TASK
When a line below contains the string "within", show that line.

Collected data
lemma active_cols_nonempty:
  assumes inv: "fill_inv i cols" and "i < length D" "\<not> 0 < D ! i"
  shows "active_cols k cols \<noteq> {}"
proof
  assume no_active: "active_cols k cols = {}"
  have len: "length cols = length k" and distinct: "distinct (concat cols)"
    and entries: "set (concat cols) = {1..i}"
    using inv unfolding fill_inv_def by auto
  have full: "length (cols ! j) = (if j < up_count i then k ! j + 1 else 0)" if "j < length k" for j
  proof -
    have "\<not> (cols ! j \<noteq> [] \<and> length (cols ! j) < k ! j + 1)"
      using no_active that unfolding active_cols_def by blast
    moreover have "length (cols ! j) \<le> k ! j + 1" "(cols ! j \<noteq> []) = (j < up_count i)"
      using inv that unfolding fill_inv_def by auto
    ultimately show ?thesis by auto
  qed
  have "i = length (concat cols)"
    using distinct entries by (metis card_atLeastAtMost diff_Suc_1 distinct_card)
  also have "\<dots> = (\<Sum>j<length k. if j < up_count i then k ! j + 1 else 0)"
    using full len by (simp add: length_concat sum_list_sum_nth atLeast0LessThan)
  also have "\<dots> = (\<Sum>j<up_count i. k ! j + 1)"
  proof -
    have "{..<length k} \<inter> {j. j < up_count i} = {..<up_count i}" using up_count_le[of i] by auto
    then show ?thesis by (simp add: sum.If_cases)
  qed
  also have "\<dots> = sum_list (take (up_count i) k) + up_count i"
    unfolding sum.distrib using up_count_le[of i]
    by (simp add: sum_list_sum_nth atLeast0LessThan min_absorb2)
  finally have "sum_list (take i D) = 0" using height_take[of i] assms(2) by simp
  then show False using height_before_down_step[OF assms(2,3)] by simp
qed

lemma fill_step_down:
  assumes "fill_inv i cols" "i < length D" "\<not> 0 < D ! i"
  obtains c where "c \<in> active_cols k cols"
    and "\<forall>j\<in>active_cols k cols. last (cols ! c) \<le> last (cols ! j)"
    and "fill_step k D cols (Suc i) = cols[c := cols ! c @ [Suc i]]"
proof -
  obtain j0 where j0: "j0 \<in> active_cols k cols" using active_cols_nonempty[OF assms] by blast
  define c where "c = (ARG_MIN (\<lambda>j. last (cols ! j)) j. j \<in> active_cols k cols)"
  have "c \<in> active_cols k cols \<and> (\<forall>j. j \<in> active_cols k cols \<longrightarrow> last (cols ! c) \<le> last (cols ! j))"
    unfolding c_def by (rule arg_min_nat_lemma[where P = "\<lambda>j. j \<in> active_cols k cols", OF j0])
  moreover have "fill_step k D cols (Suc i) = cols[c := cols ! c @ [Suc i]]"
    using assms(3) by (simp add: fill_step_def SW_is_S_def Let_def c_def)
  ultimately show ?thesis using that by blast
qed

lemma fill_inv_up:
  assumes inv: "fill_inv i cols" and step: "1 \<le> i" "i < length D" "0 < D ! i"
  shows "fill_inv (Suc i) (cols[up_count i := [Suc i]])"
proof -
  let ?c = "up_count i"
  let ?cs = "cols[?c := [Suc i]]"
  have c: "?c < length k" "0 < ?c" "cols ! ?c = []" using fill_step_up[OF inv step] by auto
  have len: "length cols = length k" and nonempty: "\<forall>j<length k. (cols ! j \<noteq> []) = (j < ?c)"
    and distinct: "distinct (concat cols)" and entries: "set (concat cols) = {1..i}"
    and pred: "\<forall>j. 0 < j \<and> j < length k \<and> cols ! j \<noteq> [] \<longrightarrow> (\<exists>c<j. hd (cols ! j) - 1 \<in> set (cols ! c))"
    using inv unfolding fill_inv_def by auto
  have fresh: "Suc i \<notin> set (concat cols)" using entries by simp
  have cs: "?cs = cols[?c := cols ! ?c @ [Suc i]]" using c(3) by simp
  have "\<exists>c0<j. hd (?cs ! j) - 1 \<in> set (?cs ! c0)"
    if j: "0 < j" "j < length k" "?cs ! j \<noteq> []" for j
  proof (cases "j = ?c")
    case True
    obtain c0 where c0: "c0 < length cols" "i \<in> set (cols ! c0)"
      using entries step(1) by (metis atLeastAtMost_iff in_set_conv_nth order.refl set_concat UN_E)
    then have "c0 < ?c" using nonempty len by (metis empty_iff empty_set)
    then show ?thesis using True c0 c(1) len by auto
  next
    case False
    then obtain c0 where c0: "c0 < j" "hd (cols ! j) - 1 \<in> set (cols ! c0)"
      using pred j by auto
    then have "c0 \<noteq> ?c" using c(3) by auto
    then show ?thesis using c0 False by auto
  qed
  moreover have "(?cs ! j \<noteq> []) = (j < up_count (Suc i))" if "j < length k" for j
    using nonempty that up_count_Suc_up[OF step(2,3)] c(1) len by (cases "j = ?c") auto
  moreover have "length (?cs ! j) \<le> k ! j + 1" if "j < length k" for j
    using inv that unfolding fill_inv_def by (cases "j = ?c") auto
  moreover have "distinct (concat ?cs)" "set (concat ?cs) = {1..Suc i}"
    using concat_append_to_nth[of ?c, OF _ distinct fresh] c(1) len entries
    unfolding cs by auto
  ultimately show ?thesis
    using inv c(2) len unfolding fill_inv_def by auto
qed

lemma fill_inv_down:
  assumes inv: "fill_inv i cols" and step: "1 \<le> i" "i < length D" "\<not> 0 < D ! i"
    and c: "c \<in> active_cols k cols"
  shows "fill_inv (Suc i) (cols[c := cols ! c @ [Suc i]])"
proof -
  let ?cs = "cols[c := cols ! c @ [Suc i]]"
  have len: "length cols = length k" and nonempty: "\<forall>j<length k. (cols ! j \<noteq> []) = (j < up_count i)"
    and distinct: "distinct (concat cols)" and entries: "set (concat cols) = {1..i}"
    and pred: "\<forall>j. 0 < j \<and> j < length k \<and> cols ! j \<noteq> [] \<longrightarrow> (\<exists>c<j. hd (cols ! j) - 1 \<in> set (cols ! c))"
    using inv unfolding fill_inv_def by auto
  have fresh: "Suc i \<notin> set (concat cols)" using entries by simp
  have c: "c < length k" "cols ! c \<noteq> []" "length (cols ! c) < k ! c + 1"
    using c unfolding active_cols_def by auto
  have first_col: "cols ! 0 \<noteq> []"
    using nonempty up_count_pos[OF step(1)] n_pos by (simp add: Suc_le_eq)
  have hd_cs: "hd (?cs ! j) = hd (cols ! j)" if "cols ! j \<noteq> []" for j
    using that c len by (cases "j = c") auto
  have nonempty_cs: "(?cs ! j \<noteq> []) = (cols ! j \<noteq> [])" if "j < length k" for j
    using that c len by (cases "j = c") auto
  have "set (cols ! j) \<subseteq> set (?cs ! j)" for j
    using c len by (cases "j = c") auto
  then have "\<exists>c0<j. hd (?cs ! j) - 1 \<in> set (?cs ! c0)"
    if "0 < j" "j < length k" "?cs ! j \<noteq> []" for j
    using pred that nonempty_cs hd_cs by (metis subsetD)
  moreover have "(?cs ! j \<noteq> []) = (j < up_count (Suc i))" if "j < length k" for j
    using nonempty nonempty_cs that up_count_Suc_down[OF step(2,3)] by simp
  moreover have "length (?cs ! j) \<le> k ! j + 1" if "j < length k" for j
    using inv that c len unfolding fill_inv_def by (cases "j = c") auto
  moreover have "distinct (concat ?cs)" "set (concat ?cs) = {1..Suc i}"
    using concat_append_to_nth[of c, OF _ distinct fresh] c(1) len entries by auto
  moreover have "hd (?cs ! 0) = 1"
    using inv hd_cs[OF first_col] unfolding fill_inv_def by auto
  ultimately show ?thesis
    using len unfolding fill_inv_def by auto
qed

==

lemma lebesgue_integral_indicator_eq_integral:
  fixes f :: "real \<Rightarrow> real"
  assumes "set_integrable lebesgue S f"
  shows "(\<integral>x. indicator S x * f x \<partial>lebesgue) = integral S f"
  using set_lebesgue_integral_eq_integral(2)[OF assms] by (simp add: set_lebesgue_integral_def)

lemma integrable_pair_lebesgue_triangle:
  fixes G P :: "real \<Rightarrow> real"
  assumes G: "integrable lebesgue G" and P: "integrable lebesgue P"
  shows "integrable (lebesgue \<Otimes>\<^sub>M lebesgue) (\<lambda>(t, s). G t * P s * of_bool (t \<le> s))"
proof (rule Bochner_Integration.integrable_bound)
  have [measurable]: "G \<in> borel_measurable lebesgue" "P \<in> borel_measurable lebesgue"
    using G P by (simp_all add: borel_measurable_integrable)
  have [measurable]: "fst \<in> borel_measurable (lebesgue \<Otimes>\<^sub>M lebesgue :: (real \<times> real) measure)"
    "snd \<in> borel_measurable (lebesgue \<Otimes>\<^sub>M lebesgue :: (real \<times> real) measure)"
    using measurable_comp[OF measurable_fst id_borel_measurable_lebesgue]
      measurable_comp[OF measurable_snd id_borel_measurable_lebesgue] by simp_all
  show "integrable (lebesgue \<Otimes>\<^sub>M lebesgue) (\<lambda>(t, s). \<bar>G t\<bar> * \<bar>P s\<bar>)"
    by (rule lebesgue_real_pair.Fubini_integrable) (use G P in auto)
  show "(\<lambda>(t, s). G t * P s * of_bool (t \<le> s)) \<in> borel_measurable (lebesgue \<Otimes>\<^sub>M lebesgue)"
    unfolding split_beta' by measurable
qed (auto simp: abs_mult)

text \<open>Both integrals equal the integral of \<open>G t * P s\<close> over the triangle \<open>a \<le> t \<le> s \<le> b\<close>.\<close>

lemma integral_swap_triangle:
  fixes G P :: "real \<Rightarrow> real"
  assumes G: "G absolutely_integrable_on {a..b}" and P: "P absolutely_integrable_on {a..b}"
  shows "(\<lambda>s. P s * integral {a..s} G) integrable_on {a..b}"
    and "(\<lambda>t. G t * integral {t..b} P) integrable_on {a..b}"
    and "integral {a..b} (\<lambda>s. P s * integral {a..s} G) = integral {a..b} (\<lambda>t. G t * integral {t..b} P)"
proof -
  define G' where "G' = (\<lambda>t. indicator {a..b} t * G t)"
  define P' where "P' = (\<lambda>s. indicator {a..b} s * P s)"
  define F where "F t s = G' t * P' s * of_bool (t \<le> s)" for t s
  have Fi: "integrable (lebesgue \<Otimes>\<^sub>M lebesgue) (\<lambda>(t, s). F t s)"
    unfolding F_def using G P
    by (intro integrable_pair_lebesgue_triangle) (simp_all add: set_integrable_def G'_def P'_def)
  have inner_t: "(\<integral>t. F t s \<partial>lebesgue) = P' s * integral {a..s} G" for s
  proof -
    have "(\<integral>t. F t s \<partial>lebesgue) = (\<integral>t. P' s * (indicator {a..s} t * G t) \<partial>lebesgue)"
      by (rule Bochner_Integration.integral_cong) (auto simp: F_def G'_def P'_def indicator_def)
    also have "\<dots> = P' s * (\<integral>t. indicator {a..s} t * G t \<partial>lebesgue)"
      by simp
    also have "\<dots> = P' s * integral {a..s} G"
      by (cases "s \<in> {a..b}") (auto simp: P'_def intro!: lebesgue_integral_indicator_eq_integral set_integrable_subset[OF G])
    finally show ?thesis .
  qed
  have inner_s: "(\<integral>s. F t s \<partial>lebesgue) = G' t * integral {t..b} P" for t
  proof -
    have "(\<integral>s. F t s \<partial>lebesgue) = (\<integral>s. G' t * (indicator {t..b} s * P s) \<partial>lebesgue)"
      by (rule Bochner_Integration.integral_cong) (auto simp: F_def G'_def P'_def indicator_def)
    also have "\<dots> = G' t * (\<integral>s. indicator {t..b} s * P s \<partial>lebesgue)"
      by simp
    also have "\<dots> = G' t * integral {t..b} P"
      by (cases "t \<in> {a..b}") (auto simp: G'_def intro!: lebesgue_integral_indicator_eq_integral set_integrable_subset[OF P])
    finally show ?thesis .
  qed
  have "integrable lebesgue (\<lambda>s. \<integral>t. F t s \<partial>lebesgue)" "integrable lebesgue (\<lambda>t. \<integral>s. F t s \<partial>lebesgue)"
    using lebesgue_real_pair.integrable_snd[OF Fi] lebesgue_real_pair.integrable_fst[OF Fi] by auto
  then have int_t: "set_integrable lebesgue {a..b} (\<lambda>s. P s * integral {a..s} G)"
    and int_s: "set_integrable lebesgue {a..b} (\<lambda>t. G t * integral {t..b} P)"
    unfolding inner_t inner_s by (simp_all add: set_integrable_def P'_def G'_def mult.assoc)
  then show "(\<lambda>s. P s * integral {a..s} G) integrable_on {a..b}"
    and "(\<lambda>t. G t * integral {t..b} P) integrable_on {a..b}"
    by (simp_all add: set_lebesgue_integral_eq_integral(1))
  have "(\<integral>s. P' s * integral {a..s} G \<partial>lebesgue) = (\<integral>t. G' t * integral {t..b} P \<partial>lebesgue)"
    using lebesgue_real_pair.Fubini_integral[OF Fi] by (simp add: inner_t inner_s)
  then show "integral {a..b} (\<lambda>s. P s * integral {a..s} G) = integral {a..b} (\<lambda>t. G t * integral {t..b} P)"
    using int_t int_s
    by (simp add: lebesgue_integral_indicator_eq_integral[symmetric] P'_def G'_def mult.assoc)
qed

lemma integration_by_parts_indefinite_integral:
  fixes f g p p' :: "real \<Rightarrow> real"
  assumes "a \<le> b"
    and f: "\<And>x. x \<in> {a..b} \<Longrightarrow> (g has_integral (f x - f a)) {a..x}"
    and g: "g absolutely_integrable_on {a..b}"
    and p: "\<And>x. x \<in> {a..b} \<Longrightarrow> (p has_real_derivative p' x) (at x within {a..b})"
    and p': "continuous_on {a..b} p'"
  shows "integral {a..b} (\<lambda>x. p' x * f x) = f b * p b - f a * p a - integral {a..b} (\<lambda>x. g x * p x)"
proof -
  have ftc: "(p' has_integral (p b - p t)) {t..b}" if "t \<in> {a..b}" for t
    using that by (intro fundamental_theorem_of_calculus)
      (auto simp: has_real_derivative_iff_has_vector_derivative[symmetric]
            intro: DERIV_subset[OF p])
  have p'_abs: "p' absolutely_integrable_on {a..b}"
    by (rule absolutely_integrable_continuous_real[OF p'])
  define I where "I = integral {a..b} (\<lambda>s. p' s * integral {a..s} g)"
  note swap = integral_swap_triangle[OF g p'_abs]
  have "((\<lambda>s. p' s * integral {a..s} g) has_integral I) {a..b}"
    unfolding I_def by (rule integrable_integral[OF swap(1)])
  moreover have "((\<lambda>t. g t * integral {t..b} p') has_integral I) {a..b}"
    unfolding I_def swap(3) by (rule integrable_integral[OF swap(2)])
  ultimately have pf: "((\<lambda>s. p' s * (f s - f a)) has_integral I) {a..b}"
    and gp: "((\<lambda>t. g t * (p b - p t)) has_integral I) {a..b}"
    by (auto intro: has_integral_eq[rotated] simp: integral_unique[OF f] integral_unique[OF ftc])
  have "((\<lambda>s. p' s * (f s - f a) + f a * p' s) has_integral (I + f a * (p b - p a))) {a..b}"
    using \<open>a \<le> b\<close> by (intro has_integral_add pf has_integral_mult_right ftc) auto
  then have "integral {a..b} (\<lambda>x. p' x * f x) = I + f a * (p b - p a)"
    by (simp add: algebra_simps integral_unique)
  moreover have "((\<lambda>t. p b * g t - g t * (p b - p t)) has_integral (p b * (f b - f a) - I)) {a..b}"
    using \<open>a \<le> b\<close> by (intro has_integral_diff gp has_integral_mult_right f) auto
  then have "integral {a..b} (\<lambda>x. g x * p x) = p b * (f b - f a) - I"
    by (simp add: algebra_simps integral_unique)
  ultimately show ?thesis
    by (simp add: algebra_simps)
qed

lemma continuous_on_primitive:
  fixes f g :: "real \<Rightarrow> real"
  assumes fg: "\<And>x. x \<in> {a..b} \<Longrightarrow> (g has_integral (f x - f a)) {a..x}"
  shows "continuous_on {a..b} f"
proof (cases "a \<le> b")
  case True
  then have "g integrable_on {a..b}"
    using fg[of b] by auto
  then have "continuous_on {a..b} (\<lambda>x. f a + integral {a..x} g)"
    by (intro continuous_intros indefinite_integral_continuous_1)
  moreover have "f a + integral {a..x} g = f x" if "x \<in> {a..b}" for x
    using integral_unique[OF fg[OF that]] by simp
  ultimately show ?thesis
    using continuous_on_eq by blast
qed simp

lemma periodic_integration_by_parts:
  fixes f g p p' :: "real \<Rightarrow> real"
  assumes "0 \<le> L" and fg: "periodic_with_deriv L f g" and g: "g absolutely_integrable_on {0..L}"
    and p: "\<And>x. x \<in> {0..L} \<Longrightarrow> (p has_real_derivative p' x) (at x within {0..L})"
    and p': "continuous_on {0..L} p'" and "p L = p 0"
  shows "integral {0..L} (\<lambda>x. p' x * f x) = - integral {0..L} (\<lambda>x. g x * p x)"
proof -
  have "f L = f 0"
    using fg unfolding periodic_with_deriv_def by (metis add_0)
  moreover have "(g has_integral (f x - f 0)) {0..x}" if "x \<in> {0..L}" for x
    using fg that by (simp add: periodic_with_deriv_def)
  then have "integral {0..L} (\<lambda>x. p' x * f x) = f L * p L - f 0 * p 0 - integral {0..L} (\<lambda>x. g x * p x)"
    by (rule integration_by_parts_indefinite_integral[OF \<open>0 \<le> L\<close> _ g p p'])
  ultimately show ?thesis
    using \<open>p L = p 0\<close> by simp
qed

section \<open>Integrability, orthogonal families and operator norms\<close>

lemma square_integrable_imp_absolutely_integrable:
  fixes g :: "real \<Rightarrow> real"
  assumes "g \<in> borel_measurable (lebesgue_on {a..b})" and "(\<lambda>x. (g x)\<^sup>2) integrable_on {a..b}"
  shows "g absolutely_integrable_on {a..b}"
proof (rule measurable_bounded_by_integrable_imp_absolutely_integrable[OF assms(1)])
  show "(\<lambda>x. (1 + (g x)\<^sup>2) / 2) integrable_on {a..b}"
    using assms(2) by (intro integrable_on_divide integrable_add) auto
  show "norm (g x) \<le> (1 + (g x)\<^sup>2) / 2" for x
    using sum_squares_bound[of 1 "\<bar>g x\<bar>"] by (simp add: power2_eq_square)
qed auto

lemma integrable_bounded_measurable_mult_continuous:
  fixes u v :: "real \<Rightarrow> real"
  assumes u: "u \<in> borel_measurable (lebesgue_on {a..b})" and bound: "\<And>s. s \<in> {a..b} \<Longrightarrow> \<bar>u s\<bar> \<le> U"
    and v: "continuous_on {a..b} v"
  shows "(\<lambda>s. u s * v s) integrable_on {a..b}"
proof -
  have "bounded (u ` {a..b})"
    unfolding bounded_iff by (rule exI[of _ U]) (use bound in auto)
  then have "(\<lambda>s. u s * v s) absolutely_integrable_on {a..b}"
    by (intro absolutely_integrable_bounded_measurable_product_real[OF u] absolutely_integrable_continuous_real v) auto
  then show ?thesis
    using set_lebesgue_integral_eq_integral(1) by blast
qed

--

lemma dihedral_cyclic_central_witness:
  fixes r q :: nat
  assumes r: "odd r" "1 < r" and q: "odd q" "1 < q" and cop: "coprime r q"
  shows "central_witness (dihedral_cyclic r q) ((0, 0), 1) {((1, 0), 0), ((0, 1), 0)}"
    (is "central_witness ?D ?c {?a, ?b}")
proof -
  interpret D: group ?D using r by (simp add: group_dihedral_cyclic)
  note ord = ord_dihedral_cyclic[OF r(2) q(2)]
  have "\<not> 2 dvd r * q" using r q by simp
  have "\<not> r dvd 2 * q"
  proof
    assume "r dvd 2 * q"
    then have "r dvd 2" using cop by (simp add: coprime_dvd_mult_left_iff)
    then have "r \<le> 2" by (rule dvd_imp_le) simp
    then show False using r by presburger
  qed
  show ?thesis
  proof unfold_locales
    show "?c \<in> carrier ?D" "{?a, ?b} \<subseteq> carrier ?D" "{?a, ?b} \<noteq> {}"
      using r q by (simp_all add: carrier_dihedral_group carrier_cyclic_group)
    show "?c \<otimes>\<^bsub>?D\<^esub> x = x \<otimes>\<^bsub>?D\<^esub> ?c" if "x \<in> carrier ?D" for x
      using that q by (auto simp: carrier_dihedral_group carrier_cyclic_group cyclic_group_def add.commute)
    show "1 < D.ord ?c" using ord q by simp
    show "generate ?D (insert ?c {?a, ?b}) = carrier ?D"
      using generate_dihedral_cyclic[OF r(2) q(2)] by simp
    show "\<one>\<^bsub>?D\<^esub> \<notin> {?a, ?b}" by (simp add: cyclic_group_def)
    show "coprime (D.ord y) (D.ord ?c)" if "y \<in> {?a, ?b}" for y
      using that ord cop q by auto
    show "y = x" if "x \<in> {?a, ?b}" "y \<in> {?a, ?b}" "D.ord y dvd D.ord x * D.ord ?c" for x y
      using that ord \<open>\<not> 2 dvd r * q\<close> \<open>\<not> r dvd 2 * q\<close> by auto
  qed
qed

EXPECTED OUTPUT
    and p: "\<And>x. x \<in> {a..b} \<Longrightarrow> (p has_real_derivative p' x) (at x within {a..b})"
    and p: "\<And>x. x \<in> {0..L} \<Longrightarrow> (p has_real_derivative p' x) (at x within {0..L})"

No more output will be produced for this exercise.